The output dimensions of $g$ share the _same_same kernel.
Each output of $g$ has a separate kernel.

In a following PR we can discuss variational GPs, wherein we need to further suboption for the inducing inputs of $g$:

The instances of $g$ share the same inducing inputs.
Each output of $g$ has its own set of inducing inputs.

The notation is as follows:

$X_i \in \mathbb{R}^{N \times D}, i=1,ldots,Q$ denotes the input
$Y \in \mathbb{R}^{N \times Q}$ denotes the output
$k_{1..L}$, $L$ are kernels on $\mathbb{R}^{N \times D}$
$g_{1..L}$, $L$ are independent GPs with $g_l \sim GP(0,k_l)$
$f_{1..Q}$, $P$ are correlated GPs with $\bf{f} = \bf{W} \bf{g}.$

Phase 1:

We write a multioutput kernel that initially just takes in a single kernel. Mimicing GPFlow again we could have something like:

"""MultiOutput Kernels."""

from abc import abstractmethod

import jax.numpy as jnp
from jaxtyping import Num

from gpjax.kernels import AbstractKernel
from gpjax.typing import Array


# TODO describe various output shapes
class MultioutputKernel(AbstractKernel):
    """
    Multi Output Kernel class.

    This kernel can represent correlation between outputs of different datapoints.

    The `full_output_cov` argument holds whether the kernel should calculate
    the covariance between the outputs. In case there is no correlation but
    `full_output_cov` is set to True the covariance matrix will be filled with zeros
    until the appropriate size is reached.
    """

    @property
    @abstractmethod
    def num_latent_gps(self) -> int:
        """The number of latent GPs in the multioutput kernel"""
        raise NotImplementedError

    @property
    @abstractmethod
    def latent_kernels(self) -> tuple[AbstractKernel, ...]:
        """The underlying kernels in the multioutput kernel"""
        raise NotImplementedError

    @abstractmethod
    def K(
        self,
        X: Num[Array, "N D"],
        X2: Num[Array, "M D"] | None = None,
        full_output_cov: bool = True,
    ) -> Array:
        """
        Returns the correlation of f(X) and f(X2), where f(.) can be multi-dimensional.

        :param X: data matrix
        :param X2: data matrix
        :param full_output_cov: calculate correlation between outputs.
        :return: cov[f(X), f(X2)]
        """
        raise NotImplementedError

    @abstractmethod
    def K_diag(self, X: Num[Array, "N D"], full_output_cov: bool = True) -> Array:
        """
        Returns the correlation of f(X) and f(X), where f(.) can be multi-dimensional.

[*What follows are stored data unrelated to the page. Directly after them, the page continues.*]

(* Assume $f$ and all $g_i$ are $C^1$, and take $w_i$ to be the constant functions $w_i=\frac1{h_k}\int_{t_k}^{t_{k+1}}v_i(t)\,dt$ on $[t_k,t_{k+1}]$. Then \[ \|x(t_{k+1})-y(t_{k+1})\|\le h_k^2\left(\frac{(K+K')L'}{3}+2K'(L+L')\,\frac{e^{\Lambda h_k}-1}{\Lambda h_k}\right). \]
   Context: Setting: for $m\ge 1$ consider on $\mathbb{R}^n$ the input-affine system $\dot x(t)=f(x(t))+\sum_{i=1}^m g_i(x(t))v_i(t)$, where $f,g_i:\mathbb{R}^n\to\mathbb{R}^n$ and each $v_i$ is a Lebesgue measurable function with $|v_i(t)|\le V_i$ for some $V_i>0$. Fix a time step $[t_k,t_{k+1}]$ with $h_k=t_{k+1}-t_k>0$ and $t_{k+1/2}=(t_k+t_{k+1})/2$, and let $x$ be a solution on $[t_k,t_{k+1}]$. Given real-valued bounded measurable functions $w_i$ on $[t_k,t_{k+1}]$, let $y$ be the solution of the approximate system $\dot y(t)=f(y(t))+\sum_{i=1}^m g_i(y(t))w_i(t)$ with $y(t_k)=x(t_k)$. Norms: $\|x\|=\max_j|x_j|$ on $\mathbb{R}^n$, the induced matrix norm $\|Q\|=\max_k\sum_i|q_{ki}|$, and the logarithmic norm $\lambda(Q)=\max_k\big(q_{kk}+\sum_{i\neq k}|q_{ki}|\big)$. Standing bounds: there is a convex set $B$ containing $x(t)$ and $y(t)$ for all $t\in[t_k,t_{k+1}]$ on which $\|f\|\le K$, $\|g_i\|\le K_i$, $\|Df\|\le L$, $\|Dg_i\|\le L_i$, $\|D^2f\|\le H$, $\|D^2g_i\|\le H_i$ (whenever these derivatives exist; $D$ is the Jacobian, $D^2$ the second derivative) and $\lambda(Df)\le\Lambda$, with $\Lambda\neq 0$. Put $K'=\sum_{i=1}^m V_iK_i$, $L'=\sum_{i=1}^m V_iL_i$, $H'=\sum_{i=1}^m V_iH_i$. *)

theory Defs
  imports "HOL-Analysis.Analysis"
begin

definition maxnorm :: "real^'n \<Rightarrow> real" where
  "maxnorm x = Max (range (\<lambda>j. \<bar>x $ j\<bar>))"

text \<open>Induced matrix norm: maximal absolute row sum, Q $ k $ i = q_{ki}.\<close>
definition matnorm :: "real^'n^'n \<Rightarrow> real" where
  "matnorm Q = Max (range (\<lambda>k. \<Sum>i\<in>UNIV. \<bar>Q $ k $ i\<bar>))"

definition lognorm :: "real^'n^'n \<Rightarrow> real" where
  "lognorm Q = Max (range (\<lambda>k. Q $ k $ k + (\<Sum>i\<in>UNIV - {k}. \<bar>Q $ k $ i\<bar>)))"

end

theory Submission
  imports Defs
begin

(* The intermediate curve
   xa(t) = x(tk) + integral over [tk, t] of f(x) + sum_i W_i g_i(x), i.e. the averaged field
   evaluated along the exact trajectory, splits the error as x - y = (x - xa) + (xa - y).
   - x - xa integrates (v_i - W_i) against the Lipschitz functions g_i(x(s)); an averaging lemma,
     proved by summation by parts on uniform partitions, bounds it by (K + K') L' h^2 / 3.
   - The max norms of x - y and of xa - y have upper right Dini derivatives at most Lambda times
     the norm plus a perturbation, by a row-wise mean value argument for f and the bound Lambda
     on the logarithmic norm of Df.  A comparison principle then yields
     |x - y| <= 2 K' phi(t - tk) and |xa - y| <= 2 K' (L + L') (t - tk) phi(t - tk), where
     phi(s) = (exp(Lambda s) - 1) / Lambda. *)

text \<open>The max norm of the statement is the library's infnorm on \<open>real^'n\<close>; from here on all
  vector estimates are phrased with infnorm, so that the library's triangle inequality,
  homogeneity and continuity results apply.\<close>
lemma maxnorm_eq_infnorm: "maxnorm x = infnorm (x::real^'n)"
proof -
  have "{\<bar>x $ i\<bar> |i. i \<in> UNIV} = range (\<lambda>j. \<bar>x $ j\<bar>)" by auto
  then show ?thesis
    unfolding maxnorm_def infnorm_cart by (simp add: cSup_eq_Max)
qed

lemma infnorm_le_cartI:
  assumes "\<And>j. \<bar>x $ j\<bar> \<le> c"
  shows "infnorm (x::real^'n) \<le> c"
  using assms unfolding maxnorm_eq_infnorm[symmetric] maxnorm_def by (subst Max_le_iff) auto

lemma infnorm_sum:
  fixes F :: "'i \<Rightarrow> 'a::euclidean_space"
  shows "infnorm (\<Sum>i\<in>I. F i) \<le> (\<Sum>i\<in>I. infnorm (F i))"
proof (cases "finite I")
  case True
  then show ?thesis
    by (induction I rule: finite_induct) (auto simp: infnorm_0 intro: order_trans[OF infnorm_triangle])
next
  case False
  then show ?thesis by (simp add: infnorm_0)
qed

lemma infnorm_diff_le: "infnorm (a - b) \<le> infnorm a + infnorm b"
  using infnorm_triangle[of a "- b"] by (simp add: infnorm_neg)

lemma infnorm_sum_scaleR_le:
  assumes "\<And>i. i \<in> I \<Longrightarrow> \<bar>c i\<bar> \<le> a i" and "\<And>i. i \<in> I \<Longrightarrow> infnorm (z i) \<le> b i"
  shows "infnorm (\<Sum>i\<in>I. c i *\<^sub>R z i) \<le> (\<Sum>i\<in>I. a i * b i)"
proof -
  have "infnorm (\<Sum>i\<in>I. c i *\<^sub>R z i) \<le> (\<Sum>i\<in>I. \<bar>c i\<bar> * infnorm (z i))"
    using infnorm_sum[of "\<lambda>i. c i *\<^sub>R z i" I] by (simp add: infnorm_mul)
  also have "\<dots> \<le> (\<Sum>i\<in>I. a i * b i)"
    using assms by (intro sum_mono mult_mono) (auto intro: infnorm_pos_le order_trans[OF abs_ge_zero])
  finally show ?thesis .
qed

lemma abs_weighted_sum_le_infnorm:
  "\<bar>\<Sum>i\<in>S. q i * w $ i\<bar> \<le> (\<Sum>i\<in>S. \<bar>q i\<bar>) * infnorm (w::real^'n)"
proof -
  have "\<bar>\<Sum>i\<in>S. q i * w $ i\<bar> \<le> (\<Sum>i\<in>S. \<bar>q i\<bar> * \<bar>w $ i\<bar>)"
    by (metis (no_types, lifting) abs_mult sum.cong sum_abs)
  also have "\<dots> \<le> (\<Sum>i\<in>S. \<bar>q i\<bar> * infnorm w)"
    by (intro sum_mono mult_left_mono component_le_infnorm_cart) simp
  finally show ?thesis by (simp add: sum_distrib_right)
qed

lemma matnorm_row: "(\<Sum>i\<in>UNIV. \<bar>Q $ k $ i\<bar>) \<le> matnorm Q"
  unfolding matnorm_def by (rule Max_ge) auto

lemma matnorm_nonneg: "0 \<le> matnorm Q"
  using matnorm_row[of Q undefined] by (meson order_trans sum_nonneg abs_ge_zero)

lemma lognorm_row: "Q $ k $ k + (\<Sum>i\<in>UNIV - {k}. \<bar>Q $ k $ i\<bar>) \<le> lognorm Q"
  unfolding lognorm_def by (rule Max_ge) auto

text \<open>Mean value theorem for one component of a differentiable map along a segment in a convex
  set; the intermediate point may depend on the component.\<close>
lemma row_mean_value:
  fixes F :: "real^'n \<Rightarrow> real^'n" and DF :: "real^'n \<Rightarrow> real^'n^'n"
  assumes der: "\<And>z. (F has_derivative (\<lambda>u. DF z *v u)) (at z)"
    and cvx: "convex B" and a: "a \<in> B" and b: "b \<in> B"
  obtains \<xi> where "\<xi> \<in> B" "(F a - F b) $ k = (\<Sum>i\<in>UNIV. DF \<xi> $ k $ i * (a - b) $ i)"
proof -
  define p where "p s = b + s *\<^sub>R (a - b)" for s
  define \<phi> where "\<phi> s = F (p s) $ k" for s
  have D: "(\<phi> has_derivative (\<lambda>r. (DF (p s) *v (r *\<^sub>R (a - b))) $ k)) (at s within {0..1})" for s
  proof -
    have "(p has_derivative (\<lambda>r. r *\<^sub>R (a - b))) (at s within {0..1})"
      unfolding p_def by (auto intro!: derivative_eq_intros)
    from has_derivative_in_compose[OF this has_derivative_at_withinI[OF der]]
    have "((\<lambda>s. F (p s)) has_derivative (\<lambda>r. DF (p s) *v (r *\<^sub>R (a - b)))) (at s within {0..1})"
      by (simp add: o_def)
    from bounded_linear.has_derivative[OF bounded_linear_vec_nth this] show ?thesis
      unfolding \<phi>_def by simp
  qed
  obtain s where s: "s \<in> {0<..<1}" and eq: "\<phi> 1 - \<phi> 0 = (DF (p s) *v ((1 - 0) *\<^sub>R (a - b))) $ k"
    using mvt_simple[of 0 1 \<phi>, OF _ D] by auto
  have "p s = (1 - s) *\<^sub>R b + s *\<^sub>R a" unfolding p_def by (simp add: algebra_simps)
  then have "p s \<in> B" using cvx a b s convexD[of B b a "1 - s" s] by auto
  moreover have "(F a - F b) $ k = (\<Sum>i\<in>UNIV. DF (p s) $ k $ i * (a - b) $ i)"
    using eq by (simp add: \<phi>_def p_def matrix_vector_mult_def)
  ultimately show thesis by (rule that)
qed

lemma lipschitz_from_matnorm:
  fixes F :: "real^'n \<Rightarrow> real^'n" and DF :: "real^'n \<Rightarrow> real^'n^'n"
  assumes der: "\<And>z. (F has_derivative (\<lambda>u. DF z *v u)) (at z)"
    and cvx: "convex B" and a: "a \<in> B" and b: "b \<in> B"
    and bd: "\<And>z. z \<in> B \<Longrightarrow> matnorm (DF z) \<le> M"
  shows "infnorm (F a - F b) \<le> M * infnorm (a - b)"
proof (rule infnorm_le_cartI)
  fix k
  obtain \<xi> where \<xi>: "\<xi> \<in> B" and eq: "(F a - F b) $ k = (\<Sum>i\<in>UNIV. DF \<xi> $ k $ i * (a - b) $ i)"
    using row_mean_value[OF der cvx a b] .
  have "\<bar>(F a - F b) $ k\<bar> \<le> (\<Sum>i\<in>UNIV. \<bar>DF \<xi> $ k $ i\<bar>) * infnorm (a - b)"
    unfolding eq by (rule abs_weighted_sum_le_infnorm)
  also have "\<dots> \<le> M * infnorm (a - b)"
    using matnorm_row[of "DF \<xi>" k] bd[OF \<xi>] by (intro mult_right_mono infnorm_pos_le) auto
  finally show "\<bar>(F a - F b) $ k\<bar> \<le> M * infnorm (a - b)" .
qed

lemma abs_add3_le:
  fixes a b c :: real
  shows "\<bar>a\<bar> \<le> d \<Longrightarrow> \<bar>b\<bar> \<le> e \<Longrightarrow> \<bar>c\<bar> \<le> f \<Longrightarrow> \<bar>a + b + c\<bar> \<le> d + e + f"
  using abs_triangle_ineq[of "a + b" c] abs_triangle_ineq[of a b] by linarith

text \<open>Row version of the one-sided estimate: for a row q whose absolute sum is at most M and
  whose diagonal-dominance quantity is at most \<Lambda>, a step of size \<delta> with \<open>\<delta> * M \<le> 1\<close> keeps
  the diagonal coefficient \<open>1 + \<delta> * q k\<close> nonnegative, so the k-th component grows at most by
  the factor \<open>1 + \<delta> * \<Lambda>\<close>, up to the contribution of the perturbation w.\<close>
lemma row_one_sided_bound:
  fixes q :: "'n::finite \<Rightarrow> real" and z w :: "real^'n"
  assumes row: "(\<Sum>i\<in>UNIV. \<bar>q i\<bar>) \<le> M" and diag: "q k + (\<Sum>i\<in>UNIV - {k}. \<bar>q i\<bar>) \<le> \<Lambda>"
    and \<delta>: "0 \<le> \<delta>" "\<delta> * M \<le> 1"
  shows "\<bar>z $ k + \<delta> * (\<Sum>i\<in>UNIV. q i * (z $ i + w $ i))\<bar>
           \<le> (1 + \<delta> * \<Lambda>) * infnorm z + \<delta> * M * infnorm w"
proof -
  define off where "off = (\<Sum>i\<in>UNIV - {k}. \<bar>q i\<bar>)"
  have diag_nonneg: "0 \<le> 1 + \<delta> * q k"
  proof -
    have "\<bar>q k\<bar> \<le> (\<Sum>i\<in>UNIV. \<bar>q i\<bar>)" by (rule member_le_sum) auto
    then have "\<delta> * \<bar>q k\<bar> \<le> 1" using row \<delta> by (meson mult_left_mono order_trans)
    then show ?thesis using \<delta>(1) by (cases "q k \<ge> 0") simp_all
  qed
  have "(\<Sum>i\<in>UNIV. q i * z $ i) = q k * z $ k + (\<Sum>i\<in>UNIV - {k}. q i * z $ i)"
    by (simp add: sum.remove)
  then have split: "z $ k + \<delta> * (\<Sum>i\<in>UNIV. q i * (z $ i + w $ i))
      = (1 + \<delta> * q k) * z $ k + \<delta> * (\<Sum>i\<in>UNIV - {k}. q i * z $ i) + \<delta> * (\<Sum>i\<in>UNIV. q i * w $ i)"
    by (simp add: sum.distrib algebra_simps)
  have "\<bar>(1 + \<delta> * q k) * z $ k\<bar> \<le> (1 + \<delta> * q k) * infnorm z"
    using diag_nonneg by (simp add: abs_mult component_le_infnorm_cart mult_left_mono)
  moreover have "\<bar>\<delta> * (\<Sum>i\<in>UNIV - {k}. q i * z $ i)\<bar> \<le> \<delta> * (off * infnorm z)"
    using mult_left_mono[OF abs_weighted_sum_le_infnorm \<delta>(1)] \<delta>(1) unfolding off_def
    by (simp add: abs_mult)
  moreover have "\<bar>\<delta> * (\<Sum>i\<in>UNIV. q i * w $ i)\<bar> \<le> \<delta> * (M * infnorm w)"
  proof -
    have "\<bar>\<Sum>i\<in>UNIV. q i * w $ i\<bar> \<le> M * infnorm w"
      using abs_weighted_sum_le_infnorm[where S = UNIV and q = q and w = w] row infnorm_pos_le[of w]
      by (meson mult_right_mono order_trans)
    then show ?thesis using mult_left_mono[OF _ \<delta>(1)] \<delta>(1) by (simp add: abs_mult)
  qed
  ultimately have "\<bar>z $ k + \<delta> * (\<Sum>i\<in>UNIV. q i * (z $ i + w $ i))\<bar>
      \<le> (1 + \<delta> * q k) * infnorm z + \<delta> * (off * infnorm z) + \<delta> * (M * infnorm w)"
    unfolding split by (rule abs_add3_le)
  also have "\<dots> = (1 + \<delta> * (q k + off)) * infnorm z + \<delta> * M * infnorm w"
    by (simp add: algebra_simps)
  also have "\<dots> \<le> (1 + \<delta> * \<Lambda>) * infnorm z + \<delta> * M * infnorm w"
    using mult_left_mono[OF diag[folded off_def] \<delta>(1)] infnorm_pos_le[of z] by (simp add: mult_right_mono)
  finally show ?thesis .
qed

        :param X: data matrix
        :param full_output_cov: calculate correlation between outputs.
        :return: var[f(X)]
        """
        raise NotImplementedError

    def __call__(
        self,
        X: Num[Array, "N D"],
        X2: Num[Array, "M D"] | None = None,
        *,
        full_cov: bool = False,
        full_output_cov: bool = True,
    ) -> Array:
        if not full_cov and X2 is not None:
            raise ValueError(
                "Ambiguous inputs: passing in `X2` is not compatible with `full_cov=False`."
            )
        if not full_cov:
            return self.K_diag(X, full_output_cov=full_output_cov)
        return self.K(X, X2, full_output_cov=full_output_cov)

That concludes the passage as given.